Thursday, July 14, 2011

Toxic Trails

HBO flyer

Residents of a once-isolated mountain community in Ringwood, NJ have a bone-chilling tale to tell the rest of America. And HBO is offering its cable television services to help convey this story via a new documentary called Mann v. Ford.

Highlighting the community’s fight against a plague of illness and deaths they worry were caused by toxic waste dumped in the forest and abandoned iron mines around their homes, the film “follows members of New Jersey’s Ramapough Mountain Indian tribe in their five-year search for justice through a mass action lawsuit against the Ford Motor Company,” HBO stated in a promotion for the recent New York premiere at the Time Warner Center Theater. The film airs on the cable channel on Monday at 9 p.m.

During a discussion with the audience after the New York showing, Ringwood resident Roger DeGroat politely but firmly countered disparaging remarks about his Native American community that were cited in the film, such as in Ford internal documents about backwoods residents who lived adjacent to the company’s hazardous waste dumps in mine shafts and woodlands where local families hunted for deer and other wildlife: “I wonder what nationality has to do with dumping paint on people," said DeGroat, stirring an outpouring of applause. "I’d like to live to see the day they clean it up, all of it.”

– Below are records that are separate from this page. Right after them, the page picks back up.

text \<open>Every admissible tree with at least two nodes is reducible: rotate a non-leaf child into
  first position and either reduce it or merge it into the root.\<close>
lemma reducible_if_two_nodes:
  "admissible L \<Longrightarrow> 2 \<le> nsize L \<Longrightarrow> 0 \<le> T \<Longrightarrow> T \<le> 1 \<Longrightarrow> reducible T L"
proof (induction L)
  case ALeaf then show ?case by simp
next
  case (ANode \<nu> a k x y z)
  have rot: "admissible (ANode \<nu> a k y z x)" "admissible (ANode \<nu> a k z x y)"
    using ANode.prems(1) by auto
  consider "x \<noteq> ALeaf" | "x = ALeaf" "y \<noteq> ALeaf" | "x = ALeaf" "y = ALeaf" "z \<noteq> ALeaf"
    using ANode.prems(2) by (cases "x = ALeaf"; cases "y = ALeaf"; cases "z = ALeaf") auto
  then show ?case
  proof cases
    case 1
    then show ?thesis using reducible_first_child[OF ANode.prems(1,3,4)] ANode by auto
  next
    case 2
    then have "reducible T (ANode \<nu> a k y z x)"
      using reducible_first_child[OF rot(1) ANode.prems(3,4)] ANode by auto
    then show ?thesis by (rule reducible_rotate)
  next
    case 3
    then have "reducible T (ANode \<nu> a k z x y)"
      using reducible_first_child[OF rot(2) ANode.prems(3,4)] ANode by auto
    then show ?thesis by (rule reducible_rotate[OF reducible_rotate])
  qed
qed

theorem tint_bound: "admissible L \<Longrightarrow> 0 \<le> T \<Longrightarrow> T \<le> 1 \<Longrightarrow> norm (tint L T) \<le> tbound T L"
proof (induction "nsize L" arbitrary: L rule: less_induct)
  case less
  show ?case
  proof (cases "2 \<le> nsize L")
    case True
    obtain c1 L1 c2 L2 where p: "admissible L1" "admissible L2" "nsize L1 < nsize L" "nsize L2 < nsize L"
      "\<forall>s\<in>{0..T}. tint L s = c1 * tint L1 s + c2 * tint L2 s"
      "norm c1 * tbound T L1 + norm c2 * tbound T L2 \<le> tbound T L"
      using reducible_if_two_nodes[OF less.prems(1) True less.prems(2,3)] unfolding reducible_def by blast
    have "norm (tint L T) = norm (c1 * tint L1 T + c2 * tint L2 T)" using p(5) less.prems by auto
    also have "\<dots> \<le> norm c1 * norm (tint L1 T) + norm c2 * norm (tint L2 T)"
      by (metis norm_mult norm_triangle_ineq)
    also have "\<dots> \<le> norm c1 * tbound T L1 + norm c2 * tbound T L2"
      using less.hyps[OF p(3) p(1) less.prems(2,3)] less.hyps[OF p(4) p(2) less.prems(2,3)]
      by (intro add_mono mult_left_mono) auto
    finally show ?thesis using p(6) by linarith
  next
    case False
    then consider "L = ALeaf" | \<nu> a k where "L = ANode \<nu> a k ALeaf ALeaf ALeaf"
      by (cases L) (auto simp: nsize_0_iff[symmetric])
    then show ?thesis
    proof cases
      case 2 then show ?thesis using tint_single_bound less.prems by simp
    qed simp
  qed
qed


section \<open>The integral over the time-ordered region\<close>

abbreviation lebPi :: "nat list set \<Rightarrow> (nat list \<Rightarrow> real) measure" where
  "lebPi I \<equiv> PiM I (\<lambda>_. lborel)"

text \<open>Region, phase and integral of \<open>Defs\<close>, for an arbitrary finite set \<open>I\<close> of nodes, so that
  they can be restricted to subtrees.\<close>
definition region :: "nat list set \<Rightarrow> real \<Rightarrow> (nat list \<Rightarrow> real) set" where
  "region I t = {s \<in> I \<rightarrow>\<^sub>E UNIV. (\<forall>v\<in>I. 0 \<le> s v \<and> s v \<le> t) \<and>
     (\<forall>v\<in>I. \<forall>w\<in>I. desc v w \<longrightarrow> s v \<le> s w)}"

definition phase :: "(nat list \<Rightarrow> int) \<Rightarrow> nat list set \<Rightarrow> (nat list \<Rightarrow> real) \<Rightarrow> complex" where
  "phase j I s = (\<Prod>v\<in>I. exp (\<i> * of_real (of_int (sigmaT j v) * s v)))"

definition integrand :: "(nat list \<Rightarrow> int) \<Rightarrow> nat list set \<Rightarrow> real \<Rightarrow> (nat list \<Rightarrow> real) \<Rightarrow> complex" where
  "integrand j I t s = indicator (region I t) s *\<^sub>R phase j I s"

definition region_integral :: "(nat list \<Rightarrow> int) \<Rightarrow> nat list set \<Rightarrow> real \<Rightarrow> complex" where
  "region_integral j I t = (\<integral>s. integrand j I t s \<partial>lebPi I)"

lemma IT_eq_region_integral: "IT T t j = region_integral j (inodes T) t"
  unfolding IT_def region_integral_def integrand_def RT_def region_def phase_def cjs_def ..

lemma space_lebPi: "space (lebPi I) = I \<rightarrow>\<^sub>E UNIV"
  by (simp add: space_PiM)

Filmmakers Maro Chermayeff and Micah Fink display an array of stunning scenery and harrowing scenes to bring viewers inside a close knit hamlet on a forested mountain ridge above the shimmering Wanaque Reservoir, New Jersey’s largest water supply source, and next to bucolic Ringwood State Park, where cancer, diabetes or other severe illnesses have stalked nearly every home. The residents’ ordeal started, they recall, when Ford bought the mining works around their homes where generations of family members were miners. From 1967 into the early 1970s, Ford contractors dumped thousands of tons of lead-based paint sludge mixed with benzene and other chemicals, as well as car parts from Ford’s massive assembly plant in neighboring Mahwah.

Others who think industrial waste doesn’t affect them should reconsider, film producer James Redford told an audience at a preview showing this week at Ramapo College, a mile downstream from the former Ford manufacturing plant in Mahwah. “To assume you are living in a safe environment may be a dangerous assumption,” he said. That’s a major message of this film, said Redford, son of movie star Robert Redford.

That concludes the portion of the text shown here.